Hi everyone! today is my first post and hoping people will follow my story.



We are currently on a undeserved break from any infertility treatments. I'm anxious to start them up again, however not sure if I will ever be ready for it. As some people know, its a very trying and emotional process. We have experienced so much heart ache in the past months and not sure I am put myself through it or Paul for that matter.

To this day, I still tell myself and believe that we can do it on our own, and I don't want to let myself down, but month after month with disappointment makes it harder. Now, This month, well I should say in March, We made a HUGE progress on our own and I ovulated for the first time to the best of my knowledge. At least on my own, without any medication helping me out. Every once and awhile, you "get by with a little help from your friends" and my friends were the infertility drugs. The didn't help me the way I wanted, but I"m working on getting rid of the bitterness, its not something you can just "let go" or move on with your life. It takes time, how much time, who knows, maybe I will never get over it. Its looking that way.
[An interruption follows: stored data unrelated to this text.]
(* Let $\mathcal{R}$ be a left-linear TRS, $M=(S,s_0,L,\delta,\mathit{out})$ the set automaton constructed from $\mathcal{R}$, $t_0$ a ground term and $\mathit{select}$ a strategy. In the execution of $\textsc{Normalize}(t_0,\mathit{select})$, the invariant $$t_0\to^* t\ \wedge\ ct\sqsubseteq\mathit{completed}(t)\ \wedge\ reds=\bigcup\{\mathit{matches}(s,p,t)\mid(s,p)\in\mathit{nodes}(ct)\}$$ holds immediately before the first iteration of the while loop, and whenever it holds before an iteration of the loop body it holds after that iteration.
   Context: Terms: $\mathbb{F}$ finite ranked alphabet with arity $\#$, $\mathbb{V}$ variables. Positions are finite lists of positive integers; $\epsilon$ empty, $p.q$ concatenation. $\mathcal{D}(t)$ positions of $t$, $\mathcal{E}(t)$ variable positions, $t|_p$ subterm, $t[u]_p$ replacement, $\mathrm{hd}(t)$ head symbol. A TRS $\mathcal{R}$ is a finite nonempty set of rules $\ell\to r$ ($\ell\notin\mathbb{V}$, $\mathrm{vars}(r)\subseteq\mathrm{vars}(\ell)$), with left-hand sides $\mathcal{L}$; left-linear means no variable occurs twice in any left-hand side. A redex of $t$ is $(\ell\to r)@p$ with $t|_p=\ell^\sigma$ for some $\sigma$; $t[(\ell\to r)@p]$ denotes $t[r^\sigma]_p$; $\to$ is one-step rewriting, $\to^*$ its reflexive-transitive closure. Set automaton construction. $\mathrm{sub}(\mathcal{L})$: subterms $\ell|_q$, $\ell\in\mathcal{L}$, $q\in\mathcal{D}(\ell)\setminus\mathcal{E}(\ell)$. A match goal $\ell_1@p_1,\dots,\ell_n@p_n\hookrightarrow\ell@p$ ($n\ge1$) has nonempty obligation $mo=\{\ell_i@p_i\}$ ($\ell_i\in\mathrm{sub}(\mathcal{L})$) and announcement $\ell@p$ ($\ell\in\mathcal{L}$); $\mathrm{pos}(mo)=\{p_i\}$. States are nonempty sets of goals; $s_0=\{\ell@\epsilon\hookrightarrow\ell@\epsilon\mid\ell\in\mathcal{L}\}$; $S$ = states reachable from $s_0$. Each state $s$ has a fixed label $L(s)\in\mathrm{pos}(mo)$ for some goal $mo\hookrightarrow\ell@\epsilon\in s$. $\mathrm{reduce}(mo,f,p)=\{\ell'@q\in mo\mid q\ne p\}\cup\{\ell'|_i@p.i\mid\ell'@p\in mo,1\le i\le\#f,\ell'|_i\notin\mathbb{V}\}$. $\mathrm{deriv}(s,f)$ is the union of $\{\mathrm{reduce}(mo,f,L(s))\hookrightarrow ma\mid mo\hookrightarrow ma\in s,\exists\ell'.\ell'@L(s)\in mo\wedge\mathrm{hd}(\ell')=f,\mathrm{reduce}(mo,f,L(s))\ne\emptyset\}$, $\{mo\hookrightarrow ma\in s\mid L(s)\notin\mathrm{pos}(mo)\}$ and $\{\ell@L(s).i\hookrightarrow\ell@L(s).i\mid\ell\in\mathcal{L},1\le i\le\#f\}$. Goals are directly dependent if their obligation positions intersect; dependency is its transitive closure. For a dependency class $K$ of $\mathrm{deriv}(s,f)$, $\mathrm{gcp}(K)$ is the greatest common prefix of its announcement positions and $\mathrm{lift}(K)$ removes that prefix from all positions in $K$. $\delta(s,f)=\{(\mathrm{lift}(K),\mathrm{gcp}(K))\mid K\}$; $\mathit{out}(s,f)=\{(\ell\to r)@p\mid\ell\to r\in\mathcal{R},f(x_1,\dots,x_{\#f})@L(s)\hookrightarrow\ell@p\in s,x_i\in\mathbb{V}\}$. Configuration trees: $ct::=\mathit{bud}(s,p)\mid\mathit{node}(s,p,cts)$, $cts$ a finite possibly empty set of configuration trees; $\mathit{buds}(ct)$, $\mathit{nodes}(ct)$ are the configurations labelling bud/node vertices. For ground $t$: $\mathit{completed}(s,p,t)=\mathit{node}(s,p,\{\mathit{completed}(s',p.p',t)\mid(s',p')\in\delta(s,\mathrm{hd}(t|_{p.L(s)}))\})$, $\mathit{completed}(t)=\mathit{completed}(s_0,\epsilon,t)$. $\mathit{grow}(ct,s,p,t)$ replaces every $\mathit{bud}(s,p)$ in $ct$ by $\mathit{node}(s,p,\{\mathit{bud}(s',p.p')\mid(s',p')\in\delta(s,\mathrm{hd}(t|_{p.L(s)}))\})$ and leaves the rest unchanged. $\mathit{prune}(ct,q)$ replaces every subtree $\mathit{node}(s,p,cts)$ with $p.L(s)=q$ that is not inside another such replaced subtree by $\mathit{bud}(s,p)$ (formally: $\mathit{prune}(\mathit{bud}(s,p),q)=\mathit{bud}(s,p)$; $\mathit{prune}(\mathit{node}(s,p,cts),q)=\mathit{bud}(s,p)$ if $p.L(s)=q$, else $\mathit{node}(s,p,\{\mathit{prune}(c,q)\mid c\in cts\})$). $ct[p]$ is the subtree of $ct$ whose root configuration $(s,q)$ has $q.L(s)=p$. Fragment order $\sqsubseteq$: smallest relation with $\mathit{bud}(s,p)\sqsubseteq\mathit{bud}(s,p)$, $\mathit{bud}(s,p)\sqsubseteq\mathit{node}(s,p,cts)$, and $\mathit{node}(s,p,cts)\sqsubseteq\mathit{node}(s,p,cts')$ iff some bijection $\varphi:cts\to cts'$ has $c\sqsubseteq\varphi(c)$ for all $c$. $\mathit{matches}(s,p,t)=\{(\ell\to r)@p.q\mid(\ell\to r)@q\in\mathit{out}(s,\mathrm{hd}(t|_{p.L(s)}))\}$. Strategy: a partial function $\mathit{select}$ mapping $(ct,reds)$ with $\mathit{buds}(ct)\cup reds\neq\emptyset$ to an element of $\mathit{buds}(ct)\cup reds$. Procedure $\textsc{Normalize}(t_0,\mathit{select})$: set $t:=t_0$, $reds:=\emptyset$, $ct:=\mathit{bud}(s_0,\epsilon)$. While $\mathit{buds}(ct)\ne\emptyset$ or $reds\ne\emptyset$: let $a=\mathit{select}(ct,reds)$. If $a$ is a configuration $(s,p)$: $ct:=\mathit{grow}(ct,s,p,t)$, then $reds:=reds\cup\mathit{matches}(s,p,t)$. If $a$ is a redex $(\ell\to r)@p\in reds$: $reds:=reds\setminus\bigcup\{\mathit{matches}(s,q,t)\mid(s,q)\in\mathit{nodes}(ct[p])\}$, then $ct:=\mathit{prune}(ct,p)$, then $t:=t[(\ell\to r)@p]$. After the loop, return $t$. *)

theory Defs
  imports Main "HOL-Library.FSet" "HOL-Library.Sublist"
begin
lemma sum_mult_eq_sum_tails:
  fixes k w :: "nat \<Rightarrow> nat"
  assumes "mono w"
  shows "(\<Sum>i<N. k i * w i) = (\<Sum>i<N. (w i - (if i = 0 then 0 else w (i - 1))) * (\<Sum>l=i..<N. k l))"
proof (induction N)
  case (Suc N)
  define \<delta> where "\<delta> i = w i - (if i = 0 then 0 else w (i - 1))" for i
  have telescope: "(\<Sum>i<Suc n. \<delta> i) = w n" for n
    by (induction n) (use \<open>mono w\<close> in \<open>auto simp: \<delta>_def monoD\<close>)
  have "(\<Sum>i<Suc N. \<delta> i * (\<Sum>l=i..<Suc N. k l))
      = (\<Sum>i<Suc N. \<delta> i * (\<Sum>l=i..<N. k l) + \<delta> i * k N)"
    by (rule sum.cong) (auto simp: algebra_simps)
  also have "\<dots> = (\<Sum>i<N. \<delta> i * (\<Sum>l=i..<N. k l)) + k N * w N"
    by (simp add: sum.distrib sum_distrib_right[symmetric] telescope mult.commute
        del: sum.lessThan_Suc) simp
  finally show ?case using Suc.IH by (simp add: \<delta>_def)
qed simp

lemma sum_le_digit_prefix: "\<forall>i<N. k i \<le> y i \<Longrightarrow> (\<Sum>i<N. k i) \<le> digit_prefix y N"
  unfolding digit_prefix_def by (rule sum_mono) simp

lemma greedy_digits_tail_le:
  assumes k_le: "\<forall>i<N. k i \<le> y i" and k_sum: "(\<Sum>i<N. k i) = m" and i: "i \<le> N"
  shows "(\<Sum>l=i..<N. greedy_digits y m l) \<le> (\<Sum>l=i..<N. k l)"
proof -
  have split: "(\<Sum>l<N. h l) = (\<Sum>l<i. h l) + (\<Sum>l=i..<N. h l)" for h :: "nat \<Rightarrow> nat"
    using i by (simp add: sum.atLeastLessThan_concat[of 0 i N, simplified atLeast0LessThan])
  have "(\<Sum>l<i. k l) \<le> m" using split[of k] k_sum by simp
  moreover have "(\<Sum>l<i. k l) \<le> digit_prefix y i"
    using k_le i by (intro sum_le_digit_prefix) simp
  moreover have "(\<Sum>l<N. greedy_digits y m l) = m"
    using sum_le_digit_prefix[OF k_le] k_sum by (simp add: sum_greedy_digits_prefix)
  ultimately have "(\<Sum>l<i. k l) \<le> (\<Sum>l<i. greedy_digits y m l)"
    by (simp add: sum_greedy_digits_prefix)
  then show ?thesis
    using split[of k] split[of "greedy_digits y m"] k_sum \<open>(\<Sum>l<N. greedy_digits y m l) = m\<close>
    by linarith
qed

lemma greedy_digits_minimize:
  fixes k w :: "nat \<Rightarrow> nat"
  assumes w: "strict_mono w" and k_le: "\<forall>i<N. k i \<le> y i" and k_sum: "(\<Sum>i<N. k i) = m"
  shows "(\<Sum>i<N. greedy_digits y m i * w i) \<le> (\<Sum>i<N. k i * w i)"
    and "(\<Sum>i<N. k i * w i) = (\<Sum>i<N. greedy_digits y m i * w i) \<Longrightarrow> \<forall>i<N. k i = greedy_digits y m i"
proof -
  define g where "g = greedy_digits y m"
  define \<delta> where "\<delta> i = w i - (if i = 0 then 0 else w (i - 1))" for i
  define tail where "tail h i = (\<Sum>l=i..<N. h l)" for h :: "nat \<Rightarrow> nat" and i
  have abel: "(\<Sum>i<N. h i * w i) = (\<Sum>i<N. \<delta> i * tail h i)" for h
    unfolding \<delta>_def tail_def using strict_mono_mono[OF w] by (rule sum_mult_eq_sum_tails)
  have termwise: "\<delta> i * tail g i \<le> \<delta> i * tail k i" if "i \<in> {..<N}" for i
    using greedy_digits_tail_le[OF k_le k_sum, of i] that by (simp add: g_def tail_def)
  show "(\<Sum>i<N. greedy_digits y m i * w i) \<le> (\<Sum>i<N. k i * w i)"
    unfolding g_def[symmetric] abel using termwise by (rule sum_mono)
  assume "(\<Sum>i<N. k i * w i) = (\<Sum>i<N. greedy_digits y m i * w i)"
  then have "(\<Sum>i<N. \<delta> i * tail g i) = (\<Sum>i<N. \<delta> i * tail k i)"
    unfolding g_def[symmetric] abel by simp
  note termwise_eq = sum_mono_inv[OF this termwise]
  have tail_eq: "tail k i = tail g i" if "i < N" for i
  proof (cases i)
    case 0
    have "(\<Sum>l<N. g l) = m"
      using sum_le_digit_prefix[OF k_le] k_sum by (simp add: g_def sum_greedy_digits_prefix)
    then show ?thesis using 0 k_sum by (simp add: tail_def atLeast0LessThan)
  next
    case (Suc i')
    then have "0 < \<delta> i" using w by (simp add: \<delta>_def strict_mono_def)
    then show ?thesis using termwise_eq[of i] that by simp
  qed
  show "\<forall>i<N. k i = greedy_digits y m i"
  proof (intro allI impI)
    fix i assume "i < N"
    have "tail h i = h i + tail h (Suc i)" for h
      unfolding tail_def using \<open>i < N\<close> by (simp add: sum.atLeast_Suc_lessThan)
    moreover have "tail k (Suc i) = tail g (Suc i)"
      using tail_eq[of "Suc i"] \<open>i < N\<close> by (cases "Suc i = N") (simp_all add: tail_def)
    ultimately show "k i = greedy_digits y m i" using tail_eq[OF \<open>i < N\<close>] g_def by simp
  qed
qed

section \<open>The valuation of the coefficients of \<beta>\<close>

definition greedy_cost :: "nat \<Rightarrow> (nat \<Rightarrow> nat) \<Rightarrow> nat \<Rightarrow> nat" where
  "greedy_cost p y m = (\<Sum>j<m. p ^ digit_level y j)"

lemma greedy_cost_le_weighted_sum:
  assumes p: "2 \<le> p" and k_le: "\<forall>i<N. k i \<le> y i" and k_sum: "(\<Sum>i<N. k i) = m"
  shows "greedy_cost p y m \<le> (\<Sum>i<N. k i * p ^ i)"
    and "(\<Sum>i<N. k i * p ^ i) = greedy_cost p y m \<Longrightarrow> \<forall>i<N. k i = greedy_digits y m i"
proof -
  have "m \<le> digit_prefix y N" using sum_le_digit_prefix[OF k_le] k_sum by simp
  then have greedy: "(\<Sum>i<N. greedy_digits y m i * p ^ i) = greedy_cost p y m"
    unfolding greedy_cost_def by (rule sum_greedy_digits_mult)
  have "strict_mono (\<lambda>i. p ^ i)" using p by (simp add: strict_mono_def power_strict_increasing)
  note minimize = greedy_digits_minimize[OF this k_le k_sum, unfolded greedy]
  show "greedy_cost p y m \<le> (\<Sum>i<N. k i * p ^ i)" by (rule minimize(1))
  show "(\<Sum>i<N. k i * p ^ i) = greedy_cost p y m \<Longrightarrow> \<forall>i<N. k i = greedy_digits y m i"
    by (rule minimize(2))
qed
I am currently on a strict diet, well, not too strict, but strict enough. I told myself before the diet started that if and when we decide to do more treatment, that I need to loose about 30-40 lbs. So, unannounced to me, I had to go on a diet, drs orders due to my sugar level. As of Today 04/05/08, 3 weeks into the diet, I have lost about 10 lbs. I want to thank my ovulation to my diet, but who knows. I am doing low carb and for those you know me well, knows that it worked before and lost about 40-50 lbs about 4+ years ago. Hearing it from the dr, really pushed me to do it, I would always come up with an excuse not to do it. "Oh, but I could be pregnant, so this slice of pizza. wont hurt me" RIGHT.... I do feel much better, health wise and I can just start to tell the difference in my clothes, so I will keep plugging away at the diet. I am going to start exercising again, so more weight should be coming off in the upcoming weeks. I keep telling myself, Annmarie, if you loose the weight, you will be rewarded and my reward is a baby. God, I hope I'm right. And also seeing those commercials on T.V. with cute spring outfits, that's pushing me as well.

So, that's it for now, oh WAIT, how could I forget, We added another furbaby to our family. Miss Molly Maroney, shes a very good dog and we just love her. She has her first "spa" appt today. shes getting a bath, nails clipped and more, so she will smell pretty. Thanks for reading and I hope you will follow me through this battle we are at war with!